Tattoos don’t have an expiration date; tattoos are not fashion. Tattoos are art, and art ages but never goes out of style. If it’s what you want to do, get a tattoo.

Think of the famous artist Vincent Van Gogh, he died in the year 1890 yet his work is still hanging on walls. His work is appreciated and still seen as beautiful. It’s the same with tattoos: Art does not die, and the canvas does not determine the beauty of the work.

Tattoos represent individuality, and they set apart one person from the next. It’s rare to find two people with the exact same tattoo, and therefore the artwork gives even more originality to a person. You can meet a girl named Ashley almost everywhere you go, but you can’t meet an Ashley with a rose tattoo that incorporates her mother’s birthday on her left wrist just anywhere.

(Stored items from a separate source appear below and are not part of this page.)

lemma subfield_subfield_gen: "subfield (subfield_gen m) ratfun_ring"
  unfolding subfield_gen_def
  by (rule field.generate_field_is_subfield) (auto simp: ring_of_type_algebra_simps)

lemma subfield_gen_incl: "m \<in> subfield_gen m" "ratfun_const c \<in> subfield_gen m"
  unfolding subfield_gen_def by (auto intro: generate_field.incl)

lemma linear_fractional_in_subfield_gen:
  fixes a c d f :: "'a::field"
  assumes "m = (ratfun_const a * u + ratfun_const c) / (ratfun_const d * u + ratfun_const f)"
    and "ratfun_const d * u + ratfun_const f \<noteq> 0" and "a * f \<noteq> c * d"
  shows "u \<in> subfield_gen m"
proof -
  let ?C = ratfun_const
  have eq: "m * (?C d * u + ?C f) = ?C a * u + ?C c" using assms(1,2) by simp
  have "?C d * m - ?C a \<noteq> 0"
  proof
    assume "?C d * m - ?C a = 0"
    then have "?C d * (?C a * u + ?C c) = ?C a * (?C d * u + ?C f)"
      by (simp flip: eq add: mult.assoc)
    then have "?C (c * d) = ?C (a * f)" by (simp add: ratfun_const_mult algebra_simps)
    with assms(3) show False by (simp add: ratfun_const_inject)
  qed
  with eq have "u = (?C c - ?C f * m) / (?C d * m - ?C a)"
    by (simp add: field_simps)
  then show ?thesis
    by (simp add: subfield_gen_incl subfield_ring_of_type_algebraD[OF subfield_subfield_gen])
qed

text \<open>Fractions with a representation p/q whose numerator and denominator are both invariant
  under t \<mapsto> h. For an involution h this is the fixed field of the automorphism t \<mapsto> h of k(t).\<close>

definition ratfun_fixed :: "'a::field poly \<Rightarrow> 'a ratfun set" where
  "ratfun_fixed h = {Fract p q | p q. q \<noteq> 0 \<and> pcompose p h = p \<and> pcompose q h = q}"

lemma subfield_ratfun_fixed: "subfield (ratfun_fixed h) ratfun_ring"
proof (rule subfield_ring_of_type_algebraI)
  show "1 \<in> ratfun_fixed h"
    unfolding ratfun_fixed_def One_fract_def by (force simp: pcompose_1)
next
  fix x y assume "x \<in> ratfun_fixed h" "y \<in> ratfun_fixed h"
  then obtain p1 q1 p2 q2 where
    x: "x = Fract p1 q1" "q1 \<noteq> 0" "pcompose p1 h = p1" "pcompose q1 h = q1" and
    y: "y = Fract p2 q2" "q2 \<noteq> 0" "pcompose p2 h = p2" "pcompose q2 h = q2"
    unfolding ratfun_fixed_def by blast
  show "x - y \<in> ratfun_fixed h" unfolding ratfun_fixed_def
    by (rule CollectI, rule exI[of _ "p1 * q2 - p2 * q1"], rule exI[of _ "q1 * q2"])
       (simp add: x y pcompose_diff pcompose_mult)
  show "x * y \<in> ratfun_fixed h" unfolding ratfun_fixed_def
    by (rule CollectI, rule exI[of _ "p1 * p2"], rule exI[of _ "q1 * q2"])
       (simp add: x y pcompose_mult)
next
  fix x assume "x \<in> ratfun_fixed h" "x \<noteq> 0"
  then obtain p q where x: "x = Fract p q" "q \<noteq> 0" "pcompose p h = p" "pcompose q h = q"
    unfolding ratfun_fixed_def by blast
  with \<open>x \<noteq> 0\<close> have "p \<noteq> 0" by (auto simp: Zero_fract_def eq_fract)
  with x show "inverse x \<in> ratfun_fixed h"
    unfolding ratfun_fixed_def by (intro CollectI exI[of _ q] exI[of _ p]) simp
qed

lemma subfield_gen_subset_ratfun_fixed:
  assumes "m \<in> ratfun_fixed h"
  shows "subfield_gen m \<subseteq> ratfun_fixed h"
proof -
  have "ratfun_const c \<in> ratfun_fixed h" for c
    unfolding ratfun_fixed_def ratfun_const_def by (force simp: pcompose_1)
  with assms show ?thesis
    unfolding subfield_gen_def
    by (intro field.generate_field_min_subfield1 subfield_ratfun_fixed)
       (auto simp: ring_of_type_algebra_simps)
qed

lemma ratfun_var_notin_ratfun_fixed:
  assumes "h \<noteq> [:0, 1:]"
  shows "ratfun_var \<notin> ratfun_fixed h"
proof
  assume "ratfun_var \<in> ratfun_fixed h"
  then obtain p q where "Fract [:0, 1:] 1 = Fract p q" "q \<noteq> 0"
    and fixed: "pcompose p h = p" "pcompose q h = q"
    unfolding ratfun_fixed_def ratfun_var_def by blast
  then have "p = [:0, 1:] * q" by (simp add: eq_fract)
  then have "h * q = [:0, 1:] * q"
    using fixed by (simp add: pcompose_mult pcompose_pCons)
  with \<open>q \<noteq> 0\<close> have "h = [:0, 1:]" by (rule mult_right_cancel[THEN iffD1])
  with assms show False ..
qed

lemma pcompose_quadratic_reflection:
  fixes a \<beta> c :: "'a::comm_ring_1"
  shows "pcompose [:c, a * \<beta>, a:] [:- \<beta>, - 1:] = [:c, a * \<beta>, a:]"
  by (simp add: pcompose_pCons algebra_simps)

lemma ratfun_poly_in_linear_span:
  assumes K: "subfield K ratfun_ring" "range ratfun_const \<subseteq> K"
    and "s \<in> K" "ratfun_var ^ 2 + s * ratfun_var \<in> K"
  shows "\<exists>x\<in>K. \<exists>y\<in>K. Fract p 1 = x * ratfun_var + y"
proof (induction p)
  case 0
  show ?case using subfield_ring_of_type_algebraD(1)[OF K(1)] by (force simp: Zero_fract_def)
next
  case (pCons c p)
  let ?t = "ratfun_var :: 'a ratfun"
  from pCons.IH obtain x y where xy: "x \<in> K" "y \<in> K" "Fract p 1 = x * ?t + y" by blast
  have "pCons c p = [:c:] + [:0, 1:] * p" by simp
  then have "Fract (pCons c p) 1 = ratfun_const c + ?t * Fract p 1"
    by (simp add: ratfun_var_def ratfun_const_def)
  also have "\<dots> = (y - x * s) * ?t + (x * (?t ^ 2 + s * ?t) + ratfun_const c)"
    unfolding xy(3) by (simp add: algebra_simps power2_eq_square)
  finally have "Fract (pCons c p) 1 = (y - x * s) * ?t + (x * (?t ^ 2 + s * ?t) + ratfun_const c)" .
  moreover have "y - x * s \<in> K" "x * (?t ^ 2 + s * ?t) + ratfun_const c \<in> K"
    using xy assms by (auto intro!: subfield_ring_of_type_algebraD[OF K(1)])
  ultimately show ?case by blast
qed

Tattoos are a unique form of expression. The work of art reveals something about you that typically a person wouldn’t know with just the glance of an eye.

The idea that tattoos are not professional isn’t a concern anymore. The people who look down on tattoos are aging, and the more accepting generation is taking over. A new mentality is coming to the professional world, and, before we know it tattoos will be accepted by all businesses.

Say you come across a situation where you’re denied a job due to your tattoos…think about it, if you are qualified for a job, and they turn you down because of a simple tattoo on your body, do you really want to work for someone so closed minded?.

It’s crucial to put thought into anything permanent going on your body, but do you want to look back and realize you lived your life the way you did only because society told you tattoos weren’t acceptable? Not everyone likes the ideas of tattoos, but never let society tell you what to like.

Life is about being free. Risks are a part of life, and, in the end, when we’re all dead and gone, no person is greater than another because of the way his or her body looked. Get inked if you want to, the world is going to judge you whether you do or don’t.

Con by Karen Pegueros

When you were a kid, you absolutely loved those stick-on tattoos. Imagine if you had one permanently printed on your body. Wouldn’t you be mortified walking around with Barney on your ankle? Don’t brand with another one of society’s trends.

Consider fashion, it changes every season, if not every second. Something that was so “in” last week, could be so “out” the next. If you had to wear one outfit your whole life, what would it be? The world never stops evolving, and there is no escaping that because change is inevitable.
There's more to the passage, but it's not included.